Characterization of missing values in untargeted MS-based metabolomics data and evaluation of missing data handling strategies

• Objective: The study systematically characterized the sources of missing values (MVs) in untargeted Mass Spectrometry (MS)-based metabolomics data and evaluated various imputation strategies.
• Missing Value Types: Distinguished between systematic missingness primarily due to Limits of Detection (LOD) and random missingness due to technical issues.
• Best Strategy: For the prevalent LOD-related MVs, which represent concentrations near zero, simple methods like imputation with half of the minimum observed value were found to be effective and often outperformed complex data-driven methods (e.g., PPCA).
• Recommendation: Researchers should use targeted imputation strategies based on the nature of the missingness to avoid introducing bias and reducing statistical power.

PubMed: 30830398 DOI: 10.1007/s11306-018-1420-2 Overview generated by: Gemini 2.5 Flash, 28/11/2025

Key Focus: The Problem of Missing Values in Untargeted Metabolomics

This study provides a systematic characterization of missing values (MVs) in untargeted mass spectrometry (MS)-based metabolomics data and evaluates various strategies for handling these MVs. Missing data is a common issue that can severely reduce statistical power and introduce bias in downstream biomedical studies.

Characterization of Missing Values

The study distinguished two primary types of MVs based on their origin:

1. Missing Due to Limits of Detection (LOD): This is the most prevalent form and is often systematic. It occurs when a compound’s concentration is below the instrument’s detection threshold. This systematic pattern can be further influenced by run day-dependent effects (e.g., changes in instrument performance over time).
2. Missing at Random (MAR) or Completely at Random (MCAR): These MVs occur less frequently and are typically a consequence of random technical errors during sample preparation or measurement (e.g., ionization suppression, inconsistent retention time).

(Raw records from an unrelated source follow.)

lemma menu_invariant_imp_no_investment:
  fixes t :: "'a::finite \<Rightarrow> 'a rel \<Rightarrow> 'a rel \<Rightarrow> real"
  assumes tf: "transition_fun t" and fs: "full_support t" and "menu_invariant t"
  shows "no_investment t"
  unfolding no_investment_def
proof (intro allI impI)
  fix i :: "'a set \<Rightarrow> 'a rel \<Rightarrow> real" and \<delta> :: real
  assume plan: "investment_plan i \<and> strict_plan i" and \<delta>: "0 < \<delta> \<and> \<delta> < 1"
  then obtain A0 r0 where A0: "A0 \<in> menus2" and r0: "r0 \<in> lin_orders" and "i A0 r0 \<noteq> 0"
    by (auto simp: strict_plan_def)
  define \<nu> where "\<nu> = stat_dist t A0"
  have inv: "invariant_on lin_orders (markov_entry t A) \<nu>" if "A \<in> menus2" for A
  proof -
    have "stat_dist t A = \<nu>"
      using \<open>menu_invariant t\<close> that A0 unfolding menu_invariant_def \<nu>_def by blast
    then show ?thesis
      using invariant_distribution_on_stat_dist[OF tf fs, of A] by (simp add: invariant_distribution_on_def)
  qed
  have pos: "0 < \<nu> r" if "r \<in> lin_orders" for r
    unfolding \<nu>_def
    by (rule positive_stochastic.invariant_distribution_on_pos[OF positive_stochastic_markov_entry[OF tf fs]
          invariant_distribution_on_stat_dist[OF tf fs] that])
  have "\<exists>r\<in>lin_orders. (\<Sum>A\<in>menus2. \<Sum>r'\<in>lin_orders. \<delta> * i A r' * markov_entry t A r r')
      < (\<Sum>A\<in>menus2. i A r)"
    using plan \<delta>
    by (intro ex_discounted_return_less[where P = "markov_entry t" and i = i,
          OF _ _ pos inv _ A0 r0 \<open>i A0 r0 \<noteq> 0\<close>])
      (simp_all add: investment_plan_def)
  then show "\<exists>r\<in>lin_orders. (\<Sum>A\<in>menus2. \<Sum>r'\<in>lin_orders. \<delta> * i A r' * t (maxel r A) r r')
      < (\<Sum>A\<in>menus2. i A r)"
    by (simp add: markov_entry_def)
qed

lemma potentials_imp_not_no_investment:
  fixes t :: "'a::finite \<Rightarrow> 'a rel \<Rightarrow> 'a rel \<Rightarrow> real"
  assumes "A \<in> menus2" "B \<in> menus2" "A \<noteq> B"
    and v: "\<And>r. r \<in> lin_orders \<Longrightarrow> 1 \<le> v r" and w: "\<And>r. r \<in> lin_orders \<Longrightarrow> 1 \<le> w r"
    and return: "\<And>r. r \<in> lin_orders \<Longrightarrow>
      (\<Sum>s\<in>lin_orders. markov_entry t A r s * v s) + (\<Sum>s\<in>lin_orders. markov_entry t B r s * w s)
        = v r + w r + 1"
  shows "\<not> no_investment t"
proof
  assume "no_investment t"
  define i where "i C r = (if C = A then v r else 0) + (if C = B then w r else 0)" for C r
  define W where "W = (\<Sum>r\<in>lin_orders. v r + w r)"
  define \<delta> :: real where "\<delta> = (W + 1) / (W + 2)"
  have vw_nonneg: "0 \<le> v r" "0 \<le> w r" if "r \<in> lin_orders" for r
    using v[OF that] w[OF that] by simp_all
  have "0 \<le> W"
    unfolding W_def using vw_nonneg by (simp add: sum_nonneg)
  then have "0 < \<delta> \<and> \<delta> < 1"
    by (simp add: \<delta>_def)
  moreover have "investment_plan i"
    unfolding investment_plan_def i_def using vw_nonneg by simp
  moreover have "strict_plan i"
  proof -
    obtain r1 :: "'a rel" where "r1 \<in> lin_orders"
      using lin_orders_nonempty by blast
    moreover have "i A r1 \<noteq> 0"
      using v[OF \<open>r1 \<in> lin_orders\<close>] \<open>A \<noteq> B\<close> by (simp add: i_def)
    ultimately show ?thesis
      using \<open>A \<in> menus2\<close> unfolding strict_plan_def by blast
  qed
  ultimately obtain r where "r \<in> lin_orders" and less:
    "(\<Sum>C\<in>menus2. \<Sum>r'\<in>lin_orders. \<delta> * i C r' * t (maxel r C) r r') < (\<Sum>C\<in>menus2. i C r)"
    using \<open>no_investment t\<close> unfolding no_investment_def by blast
  have "(\<Sum>C\<in>menus2. i C r) = v r + w r"
    using \<open>A \<in> menus2\<close> \<open>B \<in> menus2\<close> \<open>A \<noteq> B\<close> by (simp add: i_def sum.distrib)
  moreover have "(\<Sum>C\<in>menus2. \<Sum>r'\<in>lin_orders. \<delta> * i C r' * t (maxel r C) r r') = \<delta> * (v r + w r + 1)"
  proof -
    let ?PA = "\<Sum>s\<in>lin_orders. markov_entry t A r s * v s"
    let ?PB = "\<Sum>s\<in>lin_orders. markov_entry t B r s * w s"
    have "(\<Sum>r'\<in>lin_orders. \<delta> * i C r' * t (maxel r C) r r')
        = (if C = A then \<delta> * ?PA else 0) + (if C = B then \<delta> * ?PB else 0)" for C
      using \<open>A \<noteq> B\<close> by (cases "C = A"; cases "C = B")
        (simp_all add: i_def markov_entry_def sum_distrib_left mult_ac)
    then have "(\<Sum>C\<in>menus2. \<Sum>r'\<in>lin_orders. \<delta> * i C r' * t (maxel r C) r r') = \<delta> * (?PA + ?PB)"
      using \<open>A \<in> menus2\<close> \<open>B \<in> menus2\<close> by (simp add: sum.distrib distrib_left)
    with return[OF \<open>r \<in> lin_orders\<close>] show ?thesis
      by simp
  qed
  moreover have "v r + w r \<le> \<delta> * (v r + w r + 1)"
  proof -
    have "v r + w r \<le> W"
      unfolding W_def using \<open>r \<in> lin_orders\<close> vw_nonneg by (intro member_le_sum) auto
    with \<open>0 \<le> W\<close> show ?thesis
      by (simp add: \<delta>_def field_simps)
  qed
  ultimately show False
    using less by simp
qed

lemma no_investment_imp_menu_invariant:
  fixes t :: "'a::finite \<Rightarrow> 'a rel \<Rightarrow> 'a rel \<Rightarrow> real"
  assumes tf: "transition_fun t" and fs: "full_support t" and "no_investment t"
  shows "menu_invariant t"
proof (rule ccontr)
  assume "\<not> menu_invariant t"
  then obtain A B where "A \<in> menus2" "B \<in> menus2" and differ: "stat_dist t A \<noteq> stat_dist t B"
    by (auto simp: menu_invariant_def)
  then obtain r0 where r0: "stat_dist t A r0 \<noteq> stat_dist t B r0"
    by (auto simp: fun_eq_iff)
  have "stat_dist t C r = 0" if "r \<notin> lin_orders" for C r
    using stationary_stat_dist[OF tf fs, of C] that by (simp add: stationary_def)
  with r0 have "r0 \<in> lin_orders"
    by metis
  obtain v w where "\<And>r. r \<in> lin_orders \<Longrightarrow> 1 \<le> v r" "\<And>r. r \<in> lin_orders \<Longrightarrow> 1 \<le> w r"
    "\<And>r. r \<in> lin_orders \<Longrightarrow>
      (\<Sum>s\<in>lin_orders. markov_entry t A r s * v s) + (\<Sum>s\<in>lin_orders. markov_entry t B r s * w s)
        = v r + w r + 1"
    using ex_potentials_if_invariant_distributions_differ[OF
          positive_stochastic_markov_entry[OF tf fs] positive_stochastic_markov_entry[OF tf fs]
          invariant_distribution_on_stat_dist[OF tf fs] invariant_distribution_on_stat_dist[OF tf fs]
          \<open>r0 \<in> lin_orders\<close> r0]
    by blast
  moreover have "A \<noteq> B"
    using differ by blast
  ultimately show False
    using potentials_imp_not_no_investment \<open>A \<in> menus2\<close> \<open>B \<in> menus2\<close> \<open>no_investment t\<close> by blast
qed

theorem theorem2:
  fixes t :: "'a::finite \<Rightarrow> 'a rel \<Rightarrow> 'a rel \<Rightarrow> real"
  assumes "transition_fun t" and "full_support t"
  shows "menu_invariant t \<longleftrightarrow> no_investment t"
  using menu_invariant_imp_no_investment[OF assms] no_investment_imp_menu_invariant[OF assms] by blast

Evaluation of Imputation Strategies

The study evaluated several common imputation strategies, including:

• Fixed-Value Imputation: Replacing MVs with a fixed constant, such as zero, the mean, or a value derived from the limit of detection (LOD) (e.g., half the minimum detected value).
• Data-Driven Imputation: Using statistical or machine learning methods based on the observed data, such as Probabilistic Principal Component Analysis (PPCA) or \(k\)-Nearest Neighbors (kNN).

Best Performing Strategy

The key finding regarding MV handling was that the best strategy depends on the nature of the missingness:

• For LOD-related MVs (Systematic Missingness): Simple methods like half-of-the-minimum-observed-value imputation performed surprisingly well and often outperformed more complex data-driven methods. This is because LOD-MVs are not truly random but represent a biological value that is near zero.
• For MAR/MCAR MVs (Random Missingness): Data-driven methods like PPCA and kNN generally performed better than fixed-value methods. However, given that LOD-MVs dominate untargeted metabolomics, the overall benefit of complex methods was limited.

Conclusions and Recommendations

The study emphasizes that the high proportion of systematic, LOD-related missingness is a characteristic feature of untargeted MS-based metabolomics.

Researchers should: 1. Characterize Missingness: Visually inspect data to distinguish systematic LOD-MVs from random MVs. 2. Apply Targeted Imputation: For the high number of LOD-MVs, use a simple, robust method like imputation with a small value (e.g., half the minimum). 3. Future Development: The authors call for the development of new, tailored imputation methods that can explicitly and simultaneously model both the systematic (LOD) and random (MAR/MCAR) components of missingness in metabolomics data.